Your answer should be each line of the entries that contains the word "allI", copied in full.

*** RECORD EXTRACTS ***

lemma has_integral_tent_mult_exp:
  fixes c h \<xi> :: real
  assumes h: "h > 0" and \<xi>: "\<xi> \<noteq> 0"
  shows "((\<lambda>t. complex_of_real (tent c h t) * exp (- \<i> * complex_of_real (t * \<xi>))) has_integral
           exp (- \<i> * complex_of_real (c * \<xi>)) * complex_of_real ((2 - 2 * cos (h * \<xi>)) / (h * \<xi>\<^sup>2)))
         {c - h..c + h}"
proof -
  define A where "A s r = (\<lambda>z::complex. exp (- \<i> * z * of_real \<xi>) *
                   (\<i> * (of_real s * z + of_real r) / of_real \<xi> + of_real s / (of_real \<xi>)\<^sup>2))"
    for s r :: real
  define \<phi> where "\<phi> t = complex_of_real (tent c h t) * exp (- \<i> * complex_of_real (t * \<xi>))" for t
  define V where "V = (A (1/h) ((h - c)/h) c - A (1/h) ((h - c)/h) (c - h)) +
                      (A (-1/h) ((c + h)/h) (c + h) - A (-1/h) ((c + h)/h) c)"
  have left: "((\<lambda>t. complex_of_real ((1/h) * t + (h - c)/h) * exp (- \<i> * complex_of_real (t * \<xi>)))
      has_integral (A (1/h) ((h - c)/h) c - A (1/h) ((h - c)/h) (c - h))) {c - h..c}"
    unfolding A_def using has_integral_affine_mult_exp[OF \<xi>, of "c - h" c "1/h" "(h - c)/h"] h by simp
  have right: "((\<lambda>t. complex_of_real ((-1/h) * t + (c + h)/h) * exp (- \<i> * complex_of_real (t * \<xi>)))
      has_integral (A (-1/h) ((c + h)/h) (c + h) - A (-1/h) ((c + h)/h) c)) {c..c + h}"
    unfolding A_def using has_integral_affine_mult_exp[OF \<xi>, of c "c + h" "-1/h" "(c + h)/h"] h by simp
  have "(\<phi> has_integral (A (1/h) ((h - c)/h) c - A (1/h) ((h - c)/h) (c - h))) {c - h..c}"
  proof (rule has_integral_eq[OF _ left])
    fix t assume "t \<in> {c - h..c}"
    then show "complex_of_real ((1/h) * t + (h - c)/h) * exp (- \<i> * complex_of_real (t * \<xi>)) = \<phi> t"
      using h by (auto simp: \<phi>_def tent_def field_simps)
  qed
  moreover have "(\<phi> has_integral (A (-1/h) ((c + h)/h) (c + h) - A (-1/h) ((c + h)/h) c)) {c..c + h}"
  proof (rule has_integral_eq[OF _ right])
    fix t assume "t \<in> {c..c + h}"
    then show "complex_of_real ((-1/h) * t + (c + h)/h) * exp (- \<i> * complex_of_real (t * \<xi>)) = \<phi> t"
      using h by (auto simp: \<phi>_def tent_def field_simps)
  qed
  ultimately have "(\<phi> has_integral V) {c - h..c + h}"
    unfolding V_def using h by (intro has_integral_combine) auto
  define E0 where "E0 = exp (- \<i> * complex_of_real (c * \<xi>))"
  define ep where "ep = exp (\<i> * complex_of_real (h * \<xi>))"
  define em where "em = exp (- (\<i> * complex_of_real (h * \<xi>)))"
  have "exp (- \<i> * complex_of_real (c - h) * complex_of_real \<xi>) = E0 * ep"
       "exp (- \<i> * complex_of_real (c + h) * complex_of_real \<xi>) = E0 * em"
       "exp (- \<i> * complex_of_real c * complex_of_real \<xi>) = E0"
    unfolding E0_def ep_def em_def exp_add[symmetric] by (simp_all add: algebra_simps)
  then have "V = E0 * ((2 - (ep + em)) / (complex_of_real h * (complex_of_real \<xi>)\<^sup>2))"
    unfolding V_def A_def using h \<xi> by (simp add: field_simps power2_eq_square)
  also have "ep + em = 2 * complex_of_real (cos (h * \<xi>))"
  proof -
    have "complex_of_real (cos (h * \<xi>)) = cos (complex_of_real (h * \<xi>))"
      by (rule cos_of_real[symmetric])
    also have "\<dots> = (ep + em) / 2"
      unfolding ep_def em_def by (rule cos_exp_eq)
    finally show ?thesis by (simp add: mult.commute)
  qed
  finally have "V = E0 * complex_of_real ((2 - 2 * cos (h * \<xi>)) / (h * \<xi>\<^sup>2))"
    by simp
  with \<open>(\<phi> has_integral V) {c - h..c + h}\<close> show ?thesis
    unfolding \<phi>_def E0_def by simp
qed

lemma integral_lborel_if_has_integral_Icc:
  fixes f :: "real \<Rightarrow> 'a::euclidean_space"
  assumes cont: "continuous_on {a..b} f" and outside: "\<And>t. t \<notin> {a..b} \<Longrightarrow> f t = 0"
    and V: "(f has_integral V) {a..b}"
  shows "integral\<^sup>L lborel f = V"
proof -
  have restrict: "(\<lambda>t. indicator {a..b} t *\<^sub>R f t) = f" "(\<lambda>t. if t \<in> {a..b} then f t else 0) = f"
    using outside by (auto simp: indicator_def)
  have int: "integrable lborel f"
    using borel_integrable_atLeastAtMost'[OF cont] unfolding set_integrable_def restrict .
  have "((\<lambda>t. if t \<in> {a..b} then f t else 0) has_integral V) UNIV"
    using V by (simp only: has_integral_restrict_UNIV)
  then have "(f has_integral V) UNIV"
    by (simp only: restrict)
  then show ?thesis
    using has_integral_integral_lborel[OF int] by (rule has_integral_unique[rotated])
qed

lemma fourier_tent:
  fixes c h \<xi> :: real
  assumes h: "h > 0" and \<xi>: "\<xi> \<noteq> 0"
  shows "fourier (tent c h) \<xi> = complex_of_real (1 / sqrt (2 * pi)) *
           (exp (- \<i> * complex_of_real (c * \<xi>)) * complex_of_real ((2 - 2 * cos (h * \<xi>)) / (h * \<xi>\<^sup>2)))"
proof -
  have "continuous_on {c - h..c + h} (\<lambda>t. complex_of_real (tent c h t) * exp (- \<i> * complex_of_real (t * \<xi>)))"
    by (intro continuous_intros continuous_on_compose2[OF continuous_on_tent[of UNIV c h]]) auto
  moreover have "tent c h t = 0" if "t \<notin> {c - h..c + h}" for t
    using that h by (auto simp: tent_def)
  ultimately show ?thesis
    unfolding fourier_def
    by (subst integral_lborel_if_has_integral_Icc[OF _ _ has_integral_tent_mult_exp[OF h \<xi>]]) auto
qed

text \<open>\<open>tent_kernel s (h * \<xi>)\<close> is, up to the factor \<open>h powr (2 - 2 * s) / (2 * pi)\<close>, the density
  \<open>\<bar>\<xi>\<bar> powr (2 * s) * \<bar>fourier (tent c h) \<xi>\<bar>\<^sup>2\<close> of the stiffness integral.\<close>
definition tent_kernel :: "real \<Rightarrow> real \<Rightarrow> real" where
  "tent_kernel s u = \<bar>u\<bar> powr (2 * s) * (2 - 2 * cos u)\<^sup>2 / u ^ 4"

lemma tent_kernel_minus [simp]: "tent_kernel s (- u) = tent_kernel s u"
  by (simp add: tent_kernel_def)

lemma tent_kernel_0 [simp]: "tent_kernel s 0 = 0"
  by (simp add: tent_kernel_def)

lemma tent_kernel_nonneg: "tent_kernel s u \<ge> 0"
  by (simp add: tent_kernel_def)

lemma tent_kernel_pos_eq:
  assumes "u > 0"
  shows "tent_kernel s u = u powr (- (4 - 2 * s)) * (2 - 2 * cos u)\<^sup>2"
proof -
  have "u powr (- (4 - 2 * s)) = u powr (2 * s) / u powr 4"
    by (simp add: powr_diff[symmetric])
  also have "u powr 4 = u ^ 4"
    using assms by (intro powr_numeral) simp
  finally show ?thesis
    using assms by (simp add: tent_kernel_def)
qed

*** End of RECORD EXTRACTS ***
*** RECORD EXTRACTS ***

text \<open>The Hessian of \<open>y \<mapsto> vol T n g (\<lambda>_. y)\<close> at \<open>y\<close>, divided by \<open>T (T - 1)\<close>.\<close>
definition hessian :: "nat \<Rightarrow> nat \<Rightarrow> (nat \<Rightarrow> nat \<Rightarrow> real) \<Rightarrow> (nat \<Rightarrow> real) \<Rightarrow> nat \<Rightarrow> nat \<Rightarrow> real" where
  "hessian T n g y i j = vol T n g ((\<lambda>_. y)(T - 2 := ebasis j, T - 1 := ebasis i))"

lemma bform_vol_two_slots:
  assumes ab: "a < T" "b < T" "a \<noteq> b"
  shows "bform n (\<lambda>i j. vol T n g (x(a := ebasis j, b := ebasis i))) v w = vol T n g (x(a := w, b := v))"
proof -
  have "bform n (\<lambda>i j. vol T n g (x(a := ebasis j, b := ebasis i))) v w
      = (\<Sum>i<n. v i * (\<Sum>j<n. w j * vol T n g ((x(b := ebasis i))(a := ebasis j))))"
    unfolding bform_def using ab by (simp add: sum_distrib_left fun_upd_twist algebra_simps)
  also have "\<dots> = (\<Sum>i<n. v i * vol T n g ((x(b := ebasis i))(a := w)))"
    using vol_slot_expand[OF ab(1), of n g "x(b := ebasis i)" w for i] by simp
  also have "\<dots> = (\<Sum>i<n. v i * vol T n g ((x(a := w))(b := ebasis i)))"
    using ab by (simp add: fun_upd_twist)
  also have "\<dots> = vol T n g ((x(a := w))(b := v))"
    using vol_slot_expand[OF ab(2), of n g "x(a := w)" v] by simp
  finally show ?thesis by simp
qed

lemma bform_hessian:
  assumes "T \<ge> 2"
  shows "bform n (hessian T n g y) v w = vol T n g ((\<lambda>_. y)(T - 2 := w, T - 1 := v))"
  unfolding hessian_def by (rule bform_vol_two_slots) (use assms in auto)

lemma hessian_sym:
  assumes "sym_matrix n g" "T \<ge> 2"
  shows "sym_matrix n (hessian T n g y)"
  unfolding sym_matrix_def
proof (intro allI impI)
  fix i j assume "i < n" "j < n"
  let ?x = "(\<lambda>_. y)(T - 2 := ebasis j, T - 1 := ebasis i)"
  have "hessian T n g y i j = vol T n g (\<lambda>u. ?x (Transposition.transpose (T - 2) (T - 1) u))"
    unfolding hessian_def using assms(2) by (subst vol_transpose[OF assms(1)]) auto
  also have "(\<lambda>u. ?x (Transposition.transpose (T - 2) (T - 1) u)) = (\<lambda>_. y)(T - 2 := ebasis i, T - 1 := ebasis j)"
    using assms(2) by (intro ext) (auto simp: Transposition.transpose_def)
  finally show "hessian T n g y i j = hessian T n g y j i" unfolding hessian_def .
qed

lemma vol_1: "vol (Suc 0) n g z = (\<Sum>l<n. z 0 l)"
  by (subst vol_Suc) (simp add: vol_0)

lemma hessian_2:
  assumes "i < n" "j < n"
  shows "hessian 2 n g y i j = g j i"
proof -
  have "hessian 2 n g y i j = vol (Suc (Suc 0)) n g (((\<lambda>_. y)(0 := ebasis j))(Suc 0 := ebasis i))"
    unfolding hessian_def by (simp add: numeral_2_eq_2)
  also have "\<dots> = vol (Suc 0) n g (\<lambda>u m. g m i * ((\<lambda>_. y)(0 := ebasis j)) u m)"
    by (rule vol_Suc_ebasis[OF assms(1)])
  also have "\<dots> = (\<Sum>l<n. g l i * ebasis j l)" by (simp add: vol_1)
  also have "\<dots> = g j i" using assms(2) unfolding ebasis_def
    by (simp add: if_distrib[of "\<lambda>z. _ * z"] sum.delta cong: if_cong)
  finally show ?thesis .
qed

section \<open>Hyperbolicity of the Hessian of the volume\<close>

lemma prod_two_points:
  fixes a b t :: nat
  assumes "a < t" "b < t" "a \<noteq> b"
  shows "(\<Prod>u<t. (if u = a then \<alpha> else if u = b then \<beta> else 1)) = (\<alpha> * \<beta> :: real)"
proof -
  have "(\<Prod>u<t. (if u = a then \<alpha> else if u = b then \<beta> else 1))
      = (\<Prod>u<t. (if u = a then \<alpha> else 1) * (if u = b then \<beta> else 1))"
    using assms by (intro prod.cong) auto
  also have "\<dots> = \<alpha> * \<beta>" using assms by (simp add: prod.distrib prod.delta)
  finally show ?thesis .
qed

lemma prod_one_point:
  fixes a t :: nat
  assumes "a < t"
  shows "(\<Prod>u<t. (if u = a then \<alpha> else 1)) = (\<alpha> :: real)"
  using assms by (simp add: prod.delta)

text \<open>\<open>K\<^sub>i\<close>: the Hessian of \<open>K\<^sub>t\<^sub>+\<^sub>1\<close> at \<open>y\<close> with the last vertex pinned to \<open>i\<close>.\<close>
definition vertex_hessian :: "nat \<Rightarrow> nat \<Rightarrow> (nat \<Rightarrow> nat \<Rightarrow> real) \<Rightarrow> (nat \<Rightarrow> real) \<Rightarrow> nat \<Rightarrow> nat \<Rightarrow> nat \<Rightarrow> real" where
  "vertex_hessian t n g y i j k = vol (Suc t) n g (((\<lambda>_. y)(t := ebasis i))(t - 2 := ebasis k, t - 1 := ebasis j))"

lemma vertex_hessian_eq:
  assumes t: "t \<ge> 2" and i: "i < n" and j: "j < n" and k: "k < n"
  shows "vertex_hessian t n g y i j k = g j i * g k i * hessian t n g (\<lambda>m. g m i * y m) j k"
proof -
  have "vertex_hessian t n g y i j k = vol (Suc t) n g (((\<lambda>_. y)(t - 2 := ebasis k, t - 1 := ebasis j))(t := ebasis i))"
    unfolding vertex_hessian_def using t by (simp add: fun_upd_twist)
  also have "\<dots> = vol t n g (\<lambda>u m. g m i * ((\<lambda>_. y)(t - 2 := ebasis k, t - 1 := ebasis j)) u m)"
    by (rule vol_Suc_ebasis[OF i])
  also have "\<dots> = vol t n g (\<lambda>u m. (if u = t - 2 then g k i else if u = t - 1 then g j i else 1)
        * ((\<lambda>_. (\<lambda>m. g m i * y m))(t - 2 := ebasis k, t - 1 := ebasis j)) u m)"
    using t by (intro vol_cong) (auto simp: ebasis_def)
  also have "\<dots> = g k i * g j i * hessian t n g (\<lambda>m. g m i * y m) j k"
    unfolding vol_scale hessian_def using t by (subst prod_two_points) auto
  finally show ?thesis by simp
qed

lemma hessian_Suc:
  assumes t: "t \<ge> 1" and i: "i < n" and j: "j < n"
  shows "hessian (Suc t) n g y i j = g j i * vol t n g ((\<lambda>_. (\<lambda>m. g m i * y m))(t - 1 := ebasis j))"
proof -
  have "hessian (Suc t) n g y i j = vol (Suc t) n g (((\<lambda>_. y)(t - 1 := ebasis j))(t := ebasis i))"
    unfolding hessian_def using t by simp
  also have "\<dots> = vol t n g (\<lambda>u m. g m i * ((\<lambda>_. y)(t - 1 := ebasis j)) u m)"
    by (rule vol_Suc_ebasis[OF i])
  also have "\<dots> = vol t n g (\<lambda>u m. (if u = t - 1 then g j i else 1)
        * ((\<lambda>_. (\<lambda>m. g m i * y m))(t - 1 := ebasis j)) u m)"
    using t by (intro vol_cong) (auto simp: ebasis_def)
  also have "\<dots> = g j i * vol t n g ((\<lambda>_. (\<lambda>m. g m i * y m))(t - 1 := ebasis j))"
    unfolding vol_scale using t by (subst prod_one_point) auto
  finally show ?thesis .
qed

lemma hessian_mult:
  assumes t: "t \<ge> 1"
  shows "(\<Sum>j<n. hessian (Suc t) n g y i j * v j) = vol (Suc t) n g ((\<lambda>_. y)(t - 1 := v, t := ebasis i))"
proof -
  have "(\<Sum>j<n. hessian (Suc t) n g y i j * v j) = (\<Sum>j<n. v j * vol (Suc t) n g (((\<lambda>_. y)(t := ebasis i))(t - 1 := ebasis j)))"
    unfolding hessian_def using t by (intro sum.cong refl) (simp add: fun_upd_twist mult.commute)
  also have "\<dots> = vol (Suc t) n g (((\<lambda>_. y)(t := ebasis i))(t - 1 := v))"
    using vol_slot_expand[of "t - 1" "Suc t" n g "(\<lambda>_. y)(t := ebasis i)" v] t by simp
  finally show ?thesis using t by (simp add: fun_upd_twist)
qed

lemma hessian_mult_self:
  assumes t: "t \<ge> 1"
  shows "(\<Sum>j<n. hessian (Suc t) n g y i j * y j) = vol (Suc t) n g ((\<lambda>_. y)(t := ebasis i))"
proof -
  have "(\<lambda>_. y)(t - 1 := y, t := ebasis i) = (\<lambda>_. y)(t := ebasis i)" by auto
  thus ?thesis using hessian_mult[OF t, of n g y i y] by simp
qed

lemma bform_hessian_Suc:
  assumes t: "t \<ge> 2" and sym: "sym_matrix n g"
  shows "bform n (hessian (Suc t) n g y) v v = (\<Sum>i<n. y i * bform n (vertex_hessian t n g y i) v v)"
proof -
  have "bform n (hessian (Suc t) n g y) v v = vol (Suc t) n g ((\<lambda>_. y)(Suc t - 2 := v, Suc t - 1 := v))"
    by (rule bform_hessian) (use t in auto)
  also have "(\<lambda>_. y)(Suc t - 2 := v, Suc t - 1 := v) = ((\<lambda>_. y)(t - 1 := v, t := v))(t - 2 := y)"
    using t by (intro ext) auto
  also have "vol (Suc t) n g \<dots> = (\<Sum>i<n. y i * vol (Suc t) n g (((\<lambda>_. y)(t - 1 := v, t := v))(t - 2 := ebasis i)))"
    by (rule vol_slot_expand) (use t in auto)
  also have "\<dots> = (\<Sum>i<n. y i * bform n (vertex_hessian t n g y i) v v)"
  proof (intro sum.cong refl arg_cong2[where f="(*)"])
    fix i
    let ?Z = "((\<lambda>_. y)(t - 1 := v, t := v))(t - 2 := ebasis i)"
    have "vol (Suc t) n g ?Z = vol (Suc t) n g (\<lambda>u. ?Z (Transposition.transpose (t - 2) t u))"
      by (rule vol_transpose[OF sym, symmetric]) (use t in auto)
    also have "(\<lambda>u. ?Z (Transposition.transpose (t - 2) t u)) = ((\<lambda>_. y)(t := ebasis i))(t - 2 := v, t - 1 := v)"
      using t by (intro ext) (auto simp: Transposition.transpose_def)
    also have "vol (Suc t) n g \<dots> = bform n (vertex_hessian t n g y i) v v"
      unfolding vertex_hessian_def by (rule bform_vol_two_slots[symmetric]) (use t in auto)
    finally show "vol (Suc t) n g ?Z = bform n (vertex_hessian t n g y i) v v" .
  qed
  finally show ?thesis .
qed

*** End of RECORD EXTRACTS ***
*** RECORD EXTRACTS ***

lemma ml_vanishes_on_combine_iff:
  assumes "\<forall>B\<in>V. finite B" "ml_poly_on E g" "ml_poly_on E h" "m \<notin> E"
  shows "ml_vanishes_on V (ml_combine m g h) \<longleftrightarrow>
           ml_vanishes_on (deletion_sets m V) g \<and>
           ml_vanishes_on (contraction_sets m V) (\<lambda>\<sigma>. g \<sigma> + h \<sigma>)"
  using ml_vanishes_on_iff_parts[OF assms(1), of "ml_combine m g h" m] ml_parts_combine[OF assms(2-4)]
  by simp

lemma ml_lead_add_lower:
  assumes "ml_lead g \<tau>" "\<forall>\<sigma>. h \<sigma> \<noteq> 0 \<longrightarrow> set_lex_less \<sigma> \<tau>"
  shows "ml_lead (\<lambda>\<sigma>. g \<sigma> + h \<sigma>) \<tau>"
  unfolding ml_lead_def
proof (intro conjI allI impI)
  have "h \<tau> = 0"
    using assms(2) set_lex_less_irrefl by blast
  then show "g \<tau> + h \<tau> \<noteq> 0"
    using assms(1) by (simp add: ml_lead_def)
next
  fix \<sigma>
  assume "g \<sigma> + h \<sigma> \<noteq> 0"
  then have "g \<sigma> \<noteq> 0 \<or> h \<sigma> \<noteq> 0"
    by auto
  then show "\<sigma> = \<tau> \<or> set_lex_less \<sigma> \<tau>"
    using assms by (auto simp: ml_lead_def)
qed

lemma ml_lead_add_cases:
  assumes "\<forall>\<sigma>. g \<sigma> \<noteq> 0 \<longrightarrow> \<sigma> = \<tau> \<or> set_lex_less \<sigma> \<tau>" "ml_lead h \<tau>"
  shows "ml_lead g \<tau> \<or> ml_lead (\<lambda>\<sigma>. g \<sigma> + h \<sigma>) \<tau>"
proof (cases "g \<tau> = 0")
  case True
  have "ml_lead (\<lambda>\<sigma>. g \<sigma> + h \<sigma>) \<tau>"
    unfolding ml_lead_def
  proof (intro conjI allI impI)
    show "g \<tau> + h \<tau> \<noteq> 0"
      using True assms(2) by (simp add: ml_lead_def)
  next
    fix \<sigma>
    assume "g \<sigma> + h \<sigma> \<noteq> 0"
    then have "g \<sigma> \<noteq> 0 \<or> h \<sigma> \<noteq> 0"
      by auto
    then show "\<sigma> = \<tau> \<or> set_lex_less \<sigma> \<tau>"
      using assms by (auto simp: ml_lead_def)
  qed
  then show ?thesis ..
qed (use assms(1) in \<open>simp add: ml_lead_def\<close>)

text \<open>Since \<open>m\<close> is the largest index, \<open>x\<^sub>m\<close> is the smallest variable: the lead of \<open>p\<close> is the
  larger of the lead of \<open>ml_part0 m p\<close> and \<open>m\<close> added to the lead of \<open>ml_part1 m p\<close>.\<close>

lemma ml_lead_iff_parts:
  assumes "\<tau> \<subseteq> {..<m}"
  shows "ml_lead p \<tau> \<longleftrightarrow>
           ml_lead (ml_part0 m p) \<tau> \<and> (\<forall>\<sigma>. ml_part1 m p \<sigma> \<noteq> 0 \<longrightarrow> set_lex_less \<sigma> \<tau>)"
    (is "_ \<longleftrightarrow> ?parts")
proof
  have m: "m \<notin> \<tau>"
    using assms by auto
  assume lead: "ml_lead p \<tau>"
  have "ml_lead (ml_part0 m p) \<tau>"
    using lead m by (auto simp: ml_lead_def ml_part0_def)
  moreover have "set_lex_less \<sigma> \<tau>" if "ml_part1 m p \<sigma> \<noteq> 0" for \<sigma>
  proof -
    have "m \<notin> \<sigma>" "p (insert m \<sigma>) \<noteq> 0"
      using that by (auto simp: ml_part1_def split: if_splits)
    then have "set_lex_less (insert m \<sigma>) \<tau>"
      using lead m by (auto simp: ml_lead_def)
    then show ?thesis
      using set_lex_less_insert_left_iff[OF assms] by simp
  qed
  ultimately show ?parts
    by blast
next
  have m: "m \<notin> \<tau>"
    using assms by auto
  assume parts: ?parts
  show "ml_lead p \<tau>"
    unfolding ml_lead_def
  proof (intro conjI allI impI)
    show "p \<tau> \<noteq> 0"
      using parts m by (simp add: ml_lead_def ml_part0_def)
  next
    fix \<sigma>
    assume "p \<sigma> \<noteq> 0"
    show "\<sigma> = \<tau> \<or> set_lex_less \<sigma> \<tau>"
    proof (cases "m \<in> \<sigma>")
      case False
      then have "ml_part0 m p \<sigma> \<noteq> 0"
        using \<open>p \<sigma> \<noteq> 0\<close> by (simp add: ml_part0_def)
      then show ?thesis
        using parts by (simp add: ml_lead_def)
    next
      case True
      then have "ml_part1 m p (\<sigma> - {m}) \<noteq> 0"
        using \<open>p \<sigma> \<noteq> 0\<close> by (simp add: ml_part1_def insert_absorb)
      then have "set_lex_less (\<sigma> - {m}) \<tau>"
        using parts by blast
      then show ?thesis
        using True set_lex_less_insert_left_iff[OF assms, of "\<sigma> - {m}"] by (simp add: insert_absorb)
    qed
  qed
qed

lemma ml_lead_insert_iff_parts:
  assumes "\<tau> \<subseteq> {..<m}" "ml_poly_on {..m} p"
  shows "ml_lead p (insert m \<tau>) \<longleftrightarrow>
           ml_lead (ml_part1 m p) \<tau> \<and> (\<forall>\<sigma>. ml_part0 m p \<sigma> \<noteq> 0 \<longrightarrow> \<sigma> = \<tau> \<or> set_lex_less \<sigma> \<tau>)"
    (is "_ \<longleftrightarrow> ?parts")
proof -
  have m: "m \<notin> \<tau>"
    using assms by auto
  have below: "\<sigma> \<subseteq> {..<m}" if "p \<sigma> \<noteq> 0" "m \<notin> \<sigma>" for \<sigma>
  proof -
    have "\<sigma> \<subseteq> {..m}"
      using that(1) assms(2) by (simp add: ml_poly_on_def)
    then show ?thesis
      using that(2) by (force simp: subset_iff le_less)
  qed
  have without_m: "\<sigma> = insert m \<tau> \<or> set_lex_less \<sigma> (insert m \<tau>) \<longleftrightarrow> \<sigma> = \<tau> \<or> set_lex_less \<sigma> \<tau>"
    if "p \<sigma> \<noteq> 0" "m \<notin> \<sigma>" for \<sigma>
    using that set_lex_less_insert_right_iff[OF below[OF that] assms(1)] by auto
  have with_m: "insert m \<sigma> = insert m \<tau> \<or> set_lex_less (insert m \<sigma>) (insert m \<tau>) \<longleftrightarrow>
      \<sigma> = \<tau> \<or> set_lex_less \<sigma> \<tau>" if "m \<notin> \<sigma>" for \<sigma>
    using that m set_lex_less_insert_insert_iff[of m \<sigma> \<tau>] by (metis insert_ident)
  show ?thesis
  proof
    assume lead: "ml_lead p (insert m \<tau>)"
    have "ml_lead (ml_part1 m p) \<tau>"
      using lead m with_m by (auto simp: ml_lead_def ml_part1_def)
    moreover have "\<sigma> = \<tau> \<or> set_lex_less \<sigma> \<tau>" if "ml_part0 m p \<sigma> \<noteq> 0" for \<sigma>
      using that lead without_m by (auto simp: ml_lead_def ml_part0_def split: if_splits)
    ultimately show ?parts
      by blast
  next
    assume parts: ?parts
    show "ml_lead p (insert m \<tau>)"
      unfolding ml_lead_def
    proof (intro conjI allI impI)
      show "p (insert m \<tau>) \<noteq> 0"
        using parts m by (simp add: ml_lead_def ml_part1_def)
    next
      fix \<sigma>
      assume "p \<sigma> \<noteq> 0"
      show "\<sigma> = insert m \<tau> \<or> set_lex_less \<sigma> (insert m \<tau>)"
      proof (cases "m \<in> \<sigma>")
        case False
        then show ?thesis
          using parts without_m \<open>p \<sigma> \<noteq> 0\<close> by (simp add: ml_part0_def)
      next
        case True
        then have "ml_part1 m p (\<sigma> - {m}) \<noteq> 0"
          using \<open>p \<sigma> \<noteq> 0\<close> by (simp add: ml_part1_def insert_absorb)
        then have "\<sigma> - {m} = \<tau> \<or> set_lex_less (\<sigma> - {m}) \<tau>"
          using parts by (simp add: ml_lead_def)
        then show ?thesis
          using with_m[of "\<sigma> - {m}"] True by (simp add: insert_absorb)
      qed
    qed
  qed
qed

*** End of RECORD EXTRACTS ***

:: ANSWER SPACE ::
proof (intro allI impI)
proof (intro conjI allI impI)
  proof (intro conjI allI impI)
  proof (intro conjI allI impI)
    proof (intro conjI allI impI)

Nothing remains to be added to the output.